• [Problem statement]:
What is needed is a verbatim copy of each record below.

• [Material shown]:
(* Let $(X,d,\preccurlyeq)$ be a preordered $s$-regular $b$-metric space and let $T,S,\tilde T,\tilde S:X\to X$. Suppose there are mappings $H_t,K_t:X\to X$, $0\le t\le n$, such that $$T=H_0\preccurlyeq H_1\succcurlyeq H_2\preccurlyeq\cdots\succcurlyeq H_n=\tilde T,\qquad S=K_0\succcurlyeq K_1\preccurlyeq K_2\succcurlyeq\cdots\preccurlyeq K_n=\tilde S.$$ Suppose $x_0\in\mathrm{Coin}(T,S)$ and: (i) for each odd $t$, $1\le t\le n$: $K_t$ is isotone, $H_t$ covers $K_t$, and every chain $C\in\mathcal{C}(x_0,K_t,H_t,\preccurlyeq)$ has a lower bound $w\in X$ satisfying $w\preccurlyeq K_t(w)$ for which there exists $z\in X$ with $H_t^i(z)\preccurlyeq H_t(w)\preccurlyeq K_t(w)$ for all $i\in\mathbb{N}$ and $d(K_t^i(w),H_t^i(z))\to 0$ as $i\to\infty$; (ii) for each even $t$, $1\le t\le n$: $H_t$ is isotone, $K_t$ covers $H_t$, and every chain $C'\in\mathcal{C}(x_0,H_t,K_t,\preccurlyeq)$ has a lower bound $w'\in X$ satisfying $w'\preccurlyeq H_t(w')$ for which there exists $z'\in X$ with $K_t^i(z')\preccurlyeq K_t(w')\preccurlyeq H_t(w')$ for all $i\in\mathbb{N}$ and $d(H_t^i(w'),K_t^i(z'))\to 0$ as $i\to\infty$. Then there exists a chain $x_0\succcurlyeq x_1\succcurlyeq x_2\succcurlyeq\cdots\succcurlyeq x_n$ such that for every $t$, $1\le t\le n$, $x_t\in\mathrm{Coin}(H_t,K_t)\cap O_X(x_{t-1})$ and $x_t$ is a minimal element of $\mathrm{Coin}(H_t,K_t)\cap O_X(x_{t-1})$.
   Context: A $b$-metric space with coefficient $s\ge 1$ is a nonempty set $X$ with $d:X\times X\to[0,\infty)$ such that for all $x,y,z$: $d(x,y)=0$ iff $x=y$; $d(x,y)=d(y,x)$; $d(x,y)\le s[d(x,z)+d(z,y)]$. A preorder is a reflexive transitive relation $\preccurlyeq$; $x\succcurlyeq y$ means $y\preccurlyeq x$; $x\prec y$ means $x\preccurlyeq y$ and $x\neq y$. A preordered $s$-regular $b$-metric space $(X,d,\preccurlyeq)$ is a $b$-metric space with coefficient $s$ with a preorder such that $x\preccurlyeq y\preccurlyeq z$ implies $\max\{d(x,y),d(y,z)\}\le s^2d(x,z)$. For maps $F,G:X\to X$, $F\preccurlyeq G$ means $F(x)\preccurlyeq G(x)$ for all $x\in X$. A chain is a subset any two elements of which are comparable. A map $T$ is isotone if $x\preccurlyeq y$ implies $T(x)\preccurlyeq T(y)$; $T^i$ is the $i$-th iterate. $O_X(x_0)=\{x: x\preccurlyeq x_0\}$; $\mathrm{Coin}(T,S)=\{x: T(x)=S(x)\}$. A map $S$ covers a map $T$ if for every $x\in X$ with $T(x)\preccurlyeq S(x)$ there exists $y\preccurlyeq x$ with $S(y)=T(x)$. For maps $T,S$ (here the first argument is the map playing the role of $T$), $\mathcal{C}(T,S,\preccurlyeq)$ is the set of chains $C$ such that for all $x,y\in C$: $T(x)\preccurlyeq S(x)$; $x\prec y$ implies $S(x)\preccurlyeq T(y)$; and $S(C)\subset T(X)$; and $\mathcal{C}(x_0,T,S,\preccurlyeq)=\{C\in\mathcal{C}(T,S,\preccurlyeq): C\subset O_X(x_0),\ S(C)\subset T(O_X(x_0))\}$. A lower bound of $C$ is $w$ with $w\preccurlyeq x$ for all $x\in C$. A minimal element of $A$ is $w\in A$ with no $u\in A$ such that $u\prec w$. *)

theory Defs
  imports "HOL-Analysis.Analysis"
begin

• [Answer for the task]:
(* Let $(X,d,\preccurlyeq)$ be a preordered $s$-regular $b$-metric space and let $T,S,\tilde T,\tilde S:X\to X$. Suppose there are mappings $H_t,K_t:X\to X$, $0\le t\le n$, such that $$T=H_0\preccurlyeq H_1\succcurlyeq H_2\preccurlyeq\cdots\succcurlyeq H_n=\tilde T,\qquad S=K_0\succcurlyeq K_1\preccurlyeq K_2\succcurlyeq\cdots\preccurlyeq K_n=\tilde S.$$ Suppose $x_0\in\mathrm{Coin}(T,S)$ and: (i) for each odd $t$, $1\le t\le n$: $K_t$ is isotone, $H_t$ covers $K_t$, and every chain $C\in\mathcal{C}(x_0,K_t,H_t,\preccurlyeq)$ has a lower bound $w\in X$ satisfying $w\preccurlyeq K_t(w)$ for which there exists $z\in X$ with $H_t^i(z)\preccurlyeq H_t(w)\preccurlyeq K_t(w)$ for all $i\in\mathbb{N}$ and $d(K_t^i(w),H_t^i(z))\to 0$ as $i\to\infty$; (ii) for each even $t$, $1\le t\le n$: $H_t$ is isotone, $K_t$ covers $H_t$, and every chain $C'\in\mathcal{C}(x_0,H_t,K_t,\preccurlyeq)$ has a lower bound $w'\in X$ satisfying $w'\preccurlyeq H_t(w')$ for which there exists $z'\in X$ with $K_t^i(z')\preccurlyeq K_t(w')\preccurlyeq H_t(w')$ for all $i\in\mathbb{N}$ and $d(H_t^i(w'),K_t^i(z'))\to 0$ as $i\to\infty$. Then there exists a chain $x_0\succcurlyeq x_1\succcurlyeq x_2\succcurlyeq\cdots\succcurlyeq x_n$ such that for every $t$, $1\le t\le n$, $x_t\in\mathrm{Coin}(H_t,K_t)\cap O_X(x_{t-1})$ and $x_t$ is a minimal element of $\mathrm{Coin}(H_t,K_t)\cap O_X(x_{t-1})$.
   Context: A $b$-metric space with coefficient $s\ge 1$ is a nonempty set $X$ with $d:X\times X\to[0,\infty)$ such that for all $x,y,z$: $d(x,y)=0$ iff $x=y$; $d(x,y)=d(y,x)$; $d(x,y)\le s[d(x,z)+d(z,y)]$. A preorder is a reflexive transitive relation $\preccurlyeq$; $x\succcurlyeq y$ means $y\preccurlyeq x$; $x\prec y$ means $x\preccurlyeq y$ and $x\neq y$. A preordered $s$-regular $b$-metric space $(X,d,\preccurlyeq)$ is a $b$-metric space with coefficient $s$ with a preorder such that $x\preccurlyeq y\preccurlyeq z$ implies $\max\{d(x,y),d(y,z)\}\le s^2d(x,z)$. For maps $F,G:X\to X$, $F\preccurlyeq G$ means $F(x)\preccurlyeq G(x)$ for all $x\in X$. A chain is a subset any two elements of which are comparable. A map $T$ is isotone if $x\preccurlyeq y$ implies $T(x)\preccurlyeq T(y)$; $T^i$ is the $i$-th iterate. $O_X(x_0)=\{x: x\preccurlyeq x_0\}$; $\mathrm{Coin}(T,S)=\{x: T(x)=S(x)\}$. A map $S$ covers a map $T$ if for every $x\in X$ with $T(x)\preccurlyeq S(x)$ there exists $y\preccurlyeq x$ with $S(y)=T(x)$. For maps $T,S$ (here the first argument is the map playing the role of $T$), $\mathcal{C}(T,S,\preccurlyeq)$ is the set of chains $C$ such that for all $x,y\in C$: $T(x)\preccurlyeq S(x)$; $x\prec y$ implies $S(x)\preccurlyeq T(y)$; and $S(C)\subset T(X)$; and $\mathcal{C}(x_0,T,S,\preccurlyeq)=\{C\in\mathcal{C}(T,S,\preccurlyeq): C\subset O_X(x_0),\ S(C)\subset T(O_X(x_0))\}$. A lower bound of $C$ is $w$ with $w\preccurlyeq x$ for all $x\in C$. A minimal element of $A$ is $w\in A$ with no $u\in A$ such that $u\prec w$. *)

theory Defs
  imports "HOL-Analysis.Analysis"
begin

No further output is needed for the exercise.